In the data below, find the line containing "section \<open>Scalar inequalities", then set down that line and every later line up to and including the line containing "using dU w0", exactly.

(The data)

lemma card_cube: "card (cube d) = 2 ^ d"
  using bij_betw_same_card[OF bij_betw_cube_Pow] by (simp add: card_Pow)

lemma bij_betw_PiE_Un:
  assumes "I \<inter> J = {}"
  shows "bij_betw (\<lambda>(u, v). override_on u v J) (PiE I F \<times> PiE J F) (PiE (I \<union> J) F)"
  by (rule bij_betw_byWitness[where f' = "\<lambda>w. (restrict w I, restrict w J)"])
     (use assms in \<open>auto simp: override_on_def PiE_def extensional_def fun_eq_iff\<close>)

lemma sum_PiE_Un:
  assumes "I \<inter> J = {}"
  shows "(\<Sum>w\<in>PiE (I \<union> J) F. h w) = (\<Sum>u\<in>PiE I F. \<Sum>v\<in>PiE J F. h (override_on u v J))"
  by (simp add: sum.reindex_bij_betw[OF bij_betw_PiE_Un[OF assms], symmetric]
      sum.cartesian_product case_prod_unfold)

lemma card_PiE_Un_filter:
  assumes "I \<inter> J = {}" "finite I" "finite J" "\<And>i. finite (F i)"
  shows "card {w\<in>PiE (I \<union> J) F. P w} = (\<Sum>u\<in>PiE I F. card {v\<in>PiE J F. P (override_on u v J)})"
proof -
  have "card {w\<in>PiE (I \<union> J) F. P w} = (\<Sum>w\<in>PiE (I \<union> J) F. of_bool (P w))"
    using assms by (intro card_eq_sum_of_bool finite_PiE) auto
  also have "\<dots> = (\<Sum>u\<in>PiE I F. \<Sum>v\<in>PiE J F. of_bool (P (override_on u v J)))"
    using assms(1) by (rule sum_PiE_Un)
  also have "\<dots> = (\<Sum>u\<in>PiE I F. card {v\<in>PiE J F. P (override_on u v J)})"
    using assms by (intro sum.cong refl card_eq_sum_of_bool[symmetric] finite_PiE)
  finally show ?thesis .
qed
text \<open>
  Everything is measured after applying \<open>G = F'(x\<^sub>0)\<^sup>-\<^sup>1\<close>. Along an inexact Newton
  sequence let \<open>U\<^sub>n\<close> be \<open>L\<close> times the length of the polygon \<open>x\<^sub>0 \<dots> x\<^sub>n\<close> and
  \<open>r\<^sub>n = \<parallel>G F(x\<^sub>n)\<parallel>\<close>. The Lipschitz condition gives \<open>(1 - U\<^sub>n) \<parallel>x\<^sub>n\<^sub>+\<^sub>1 - x\<^sub>n\<parallel> \<le> (1 + \<theta>) r\<^sub>n\<close>
  and \<open>r\<^sub>n\<^sub>+\<^sub>1 \<le> \<theta> r\<^sub>n + L/2 \<parallel>x\<^sub>n\<^sub>+\<^sub>1 - x\<^sub>n\<parallel>\<^sup>2\<close>. For \<open>a = \<surd>(2bL)\<close> and
  \<open>\<theta> \<le> (1 - a)/(1 + a)\<close> these two inequalities propagate the majorant invariant
  \<open>U\<^sub>n < a\<close>, \<open>2 L r\<^sub>n \<le> (a - U\<^sub>n)\<^sup>2\<close> and force \<open>r\<^sub>n\<^sub>+\<^sub>1 \<le> (1 + \<theta>\<^sup>2)/2 \<cdot> r\<^sub>n\<close>.
  Hence the polygon has length below \<open>a/L\<close>, the sequence is Cauchy, and its limit
  is a zero. Every zero \<open>y\<close> in \<open>B(x\<^sub>0, 1/L)\<close> satisfies
  \<open>s \<le> L b + s\<^sup>2/2\<close> for \<open>s = L \<parallel>y - x\<^sub>0\<parallel> < 1\<close>, so it lies in \<open>B[x\<^sub>0, t\<^sub>*]\<close>, where
  \<open>z \<mapsto> z - G F(z)\<close> is a contraction; this gives uniqueness. The error estimates
  come from the same first-order expansion, now taken between \<open>x\<^sub>k\<close> and the zero.
\<close>

section \<open>Scalar inequalities of the majorant argument\<close>

lemma majorant_step_length:
  fixes a \<theta> U v \<delta> :: real
  assumes U0: "0 \<le> U" and Ua: "U < a" and a1: "a < 1" and th0: "0 \<le> \<theta>"
    and tha: "(1 + \<theta>) * a \<le> 1 - \<theta>" and v0: "0 \<le> v" and vU: "2 * v \<le> (a - U)\<^sup>2"
    and dU: "(1 - U) * \<delta> \<le> (1 + \<theta>) * v"
  shows "\<delta> \<le> (1 + \<theta>) * a * (a - U) / 2" and "(a - U) * \<delta> \<le> a * (1 + \<theta>) * v"
    and "U + \<delta> < a"
proof -
  define m where "m = 1 - U"
  define w where "w = a - U"
  have m0: "m > 0" and w0: "w > 0" using Ua a1 by (simp_all add: m_def w_def)
  have "U * a \<le> U" using a1 U0 by (simp add: mult_left_le)
  then have wam: "w \<le> a * m" unfolding w_def m_def by (simp add: algebra_simps)
  have "m * \<delta> \<le> (1 + \<theta>) * v" using dU unfolding m_def .
  also have "\<dots> \<le> (1 + \<theta>) * (w * w / 2)"
    using vU th0 unfolding w_def power2_eq_square by (intro mult_left_mono) auto
  also have "\<dots> \<le> (1 + \<theta>) * (w * (a * m) / 2)"
    using wam w0 th0 by (intro mult_left_mono divide_right_mono) auto
  finally have "m * \<delta> \<le> m * ((1 + \<theta>) * a * w / 2)" by (simp add: algebra_simps)
  then show d1: "\<delta> \<le> (1 + \<theta>) * a * (a - U) / 2" using m0 unfolding w_def by simp
  have "m * (w * \<delta>) \<le> w * ((1 + \<theta>) * v)"
    using dU w0 unfolding m_def by (metis mult.left_commute mult_le_cancel_left_pos)
  also have "\<dots> \<le> (a * m) * ((1 + \<theta>) * v)" using wam th0 v0 by (intro mult_right_mono) auto
  finally have "m * (w * \<delta>) \<le> m * (a * (1 + \<theta>) * v)" by (simp add: algebra_simps)
  then show "(a - U) * \<delta> \<le> a * (1 + \<theta>) * v" using m0 unfolding w_def by simp
  have "(1 + \<theta>) * a * w \<le> 1 * w" using tha th0 w0 by (intro mult_right_mono) auto
  then show "U + \<delta> < a" using d1[folded w_def] w0 w_def by linarith
qed

lemma majorant_step_residual:
  fixes a \<theta> U v \<delta> v' :: real
  assumes U0: "0 \<le> U" and Ua: "U < a" and a1: "a < 1" and th0: "0 \<le> \<theta>"
    and tha: "(1 + \<theta>) * a \<le> 1 - \<theta>" and v0: "0 \<le> v" and vU: "2 * v \<le> (a - U)\<^sup>2"
    and d0: "0 \<le> \<delta>" and dU: "(1 - U) * \<delta> \<le> (1 + \<theta>) * v"
    and v': "v' \<le> \<theta> * v + \<delta>\<^sup>2 / 2"
  shows "2 * v' \<le> (a - (U + \<delta>))\<^sup>2" and "v' \<le> (1 + \<theta>\<^sup>2) / 2 * v"
proof -
  note length = majorant_step_length[OF U0 Ua a1 th0 tha v0 vU dU]
  have a0: "a > 0" using U0 Ua by simp
  have "2 * \<theta> * v + 2 * ((a - U) * \<delta>) \<le> 2 * v * (\<theta> + (1 + \<theta>) * a)"
    using length(2) by (simp add: algebra_simps)
  also have "\<dots> \<le> 2 * v" using tha v0 by (simp add: mult_left_le)
  also have "\<dots> \<le> (a - U)\<^sup>2" by (rule vU)
  finally show "2 * v' \<le> (a - (U + \<delta>))\<^sup>2"
    using v' by (simp add: power2_eq_square algebra_simps)
  have "\<delta> * \<delta> \<le> (1 + \<theta>) * a / 2 * ((a - U) * \<delta>)"
    using mult_right_mono[OF length(1) d0] by (simp add: algebra_simps)
  also have "\<dots> \<le> (1 + \<theta>) * a / 2 * (a * (1 + \<theta>) * v)"
    using length(2) th0 a0 by (intro mult_left_mono) auto
  also have "\<dots> = ((1 + \<theta>) * a)\<^sup>2 * v / 2" by (simp add: power2_eq_square algebra_simps)
  also have "\<dots> \<le> (1 - \<theta>)\<^sup>2 * v / 2"
    using tha th0 a0 v0 by (intro divide_right_mono mult_right_mono power_mono) auto
  finally have "v' \<le> \<theta> * v + (1 - \<theta>)\<^sup>2 * v / 4" using v' by (simp add: power2_eq_square)
  also have "\<dots> = (1 + \<theta>\<^sup>2) / 2 * v - (1 - \<theta>)\<^sup>2 * v / 4"
    by (simp add: power2_eq_square field_simps)
  finally show "v' \<le> (1 + \<theta>\<^sup>2) / 2 * v" using v0 by (smt (verit) divide_nonneg_nonneg mult_nonneg_nonneg zero_le_power2)
qed

text \<open>The second bound needs no smallness of \<open>\<theta>\<close>; the paper's restriction
  \<open>\<theta> < (1 - a)/(5 - a)\<close> only makes its factor smaller than one.\<close>

lemma error_recursion_bounds:
  fixes L a U u e e' \<theta> r :: real
  assumes L: "0 < L" and Ua: "U < a" and a1: "a < 1" and u0: "0 \<le> u" and uU: "u \<le> U"
    and e0: "0 \<le> e" and eU: "L * e \<le> a - U" and th0: "0 \<le> \<theta>" and re: "r \<le> (1 + a) * e"
    and e'0: "0 \<le> e'" and key: "(1 - u) * e' \<le> L / 2 * e\<^sup>2 + \<theta> * r"
  shows "e' \<le> ((1 + \<theta>) / 2 * (L / (1 - a)) * e + \<theta> * (1 + a) / (1 - a)) * e"
    and "e' \<le> ((1 + \<theta>) / 2 + 2 * \<theta> / (1 - a)) * e"
proof -
  have ma: "0 < 1 - a" using a1 by simp
  have mu: "1 - a \<le> 1 - u" using uU Ua by simp
  have key': "(1 - u) * e' \<le> L / 2 * e\<^sup>2 + \<theta> * ((1 + a) * e)"
    using key mult_left_mono[OF re th0] by linarith
  have "L / 2 * e\<^sup>2 \<le> (1 + \<theta>) / 2 * L * e\<^sup>2"
    using th0 L by (intro mult_right_mono) auto
  moreover have "(1 - a) * e' \<le> (1 - u) * e'" using mu e'0 by (rule mult_right_mono)
  ultimately have "(1 - a) * e' \<le> (1 + \<theta>) / 2 * L * e\<^sup>2 + \<theta> * ((1 + a) * e)"
    using key' by linarith
  then have "e' \<le> ((1 + \<theta>) / 2 * L * e\<^sup>2 + \<theta> * ((1 + a) * e)) / (1 - a)"
    using ma by (simp add: field_simps)
  also have "\<dots> = ((1 + \<theta>) / 2 * (L / (1 - a)) * e + \<theta> * (1 + a) / (1 - a)) * e"
    using ma by (simp add: power2_eq_square add_divide_distrib algebra_simps)
  finally show "e' \<le> ((1 + \<theta>) / 2 * (L / (1 - a)) * e + \<theta> * (1 + a) / (1 - a)) * e" .
  have "L * e \<le> 1 - u" using eU uU a1 by linarith
  from mult_right_mono[OF this e0] have "L / 2 * e\<^sup>2 \<le> (1 - u) * e / 2"
    by (simp add: power2_eq_square)
  moreover have "\<theta> * ((1 + a) * e) \<le> \<theta> * (2 * e)"
    using a1 e0 th0 by (intro mult_left_mono mult_right_mono) auto
  moreover have "\<theta> * (2 * e) \<le> (1 - u) * (2 * \<theta> / (1 - a) * e)"
  proof -
    have "\<theta> * (2 * e) = (1 - a) * (2 * \<theta> / (1 - a) * e)" using ma by simp
    also have "\<dots> \<le> (1 - u) * (2 * \<theta> / (1 - a) * e)"
      using mu th0 e0 ma by (intro mult_right_mono) auto
    finally show ?thesis .
  qed
  ultimately have "(1 - u) * e' \<le> (1 - u) * e / 2 + (1 - u) * (2 * \<theta> / (1 - a) * e)"
    using key' by linarith
  then have "(1 - u) * e' \<le> (1 - u) * (e / 2 + 2 * \<theta> / (1 - a) * e)"
    by (simp only: distrib_left times_divide_eq_right)
  then have "e' \<le> e / 2 + 2 * \<theta> / (1 - a) * e" using ma mu by simp
  also have "\<dots> \<le> ((1 + \<theta>) / 2 + 2 * \<theta> / (1 - a)) * e" using th0 e0 by (simp add: algebra_simps)
  finally show "e' \<le> ((1 + \<theta>) / 2 + 2 * \<theta> / (1 - a)) * e" .
qed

(End The data)

Reply to the task:
section \<open>Scalar inequalities of the majorant argument\<close>

lemma majorant_step_length:
  fixes a \<theta> U v \<delta> :: real
  assumes U0: "0 \<le> U" and Ua: "U < a" and a1: "a < 1" and th0: "0 \<le> \<theta>"
    and tha: "(1 + \<theta>) * a \<le> 1 - \<theta>" and v0: "0 \<le> v" and vU: "2 * v \<le> (a - U)\<^sup>2"
    and dU: "(1 - U) * \<delta> \<le> (1 + \<theta>) * v"
  shows "\<delta> \<le> (1 + \<theta>) * a * (a - U) / 2" and "(a - U) * \<delta> \<le> a * (1 + \<theta>) * v"
    and "U + \<delta> < a"
proof -
  define m where "m = 1 - U"
  define w where "w = a - U"
  have m0: "m > 0" and w0: "w > 0" using Ua a1 by (simp_all add: m_def w_def)
  have "U * a \<le> U" using a1 U0 by (simp add: mult_left_le)
  then have wam: "w \<le> a * m" unfolding w_def m_def by (simp add: algebra_simps)
  have "m * \<delta> \<le> (1 + \<theta>) * v" using dU unfolding m_def .
  also have "\<dots> \<le> (1 + \<theta>) * (w * w / 2)"
    using vU th0 unfolding w_def power2_eq_square by (intro mult_left_mono) auto
  also have "\<dots> \<le> (1 + \<theta>) * (w * (a * m) / 2)"
    using wam w0 th0 by (intro mult_left_mono divide_right_mono) auto
  finally have "m * \<delta> \<le> m * ((1 + \<theta>) * a * w / 2)" by (simp add: algebra_simps)
  then show d1: "\<delta> \<le> (1 + \<theta>) * a * (a - U) / 2" using m0 unfolding w_def by simp
  have "m * (w * \<delta>) \<le> w * ((1 + \<theta>) * v)"
    using dU w0 unfolding m_def by (metis mult.left_commute mult_le_cancel_left_pos)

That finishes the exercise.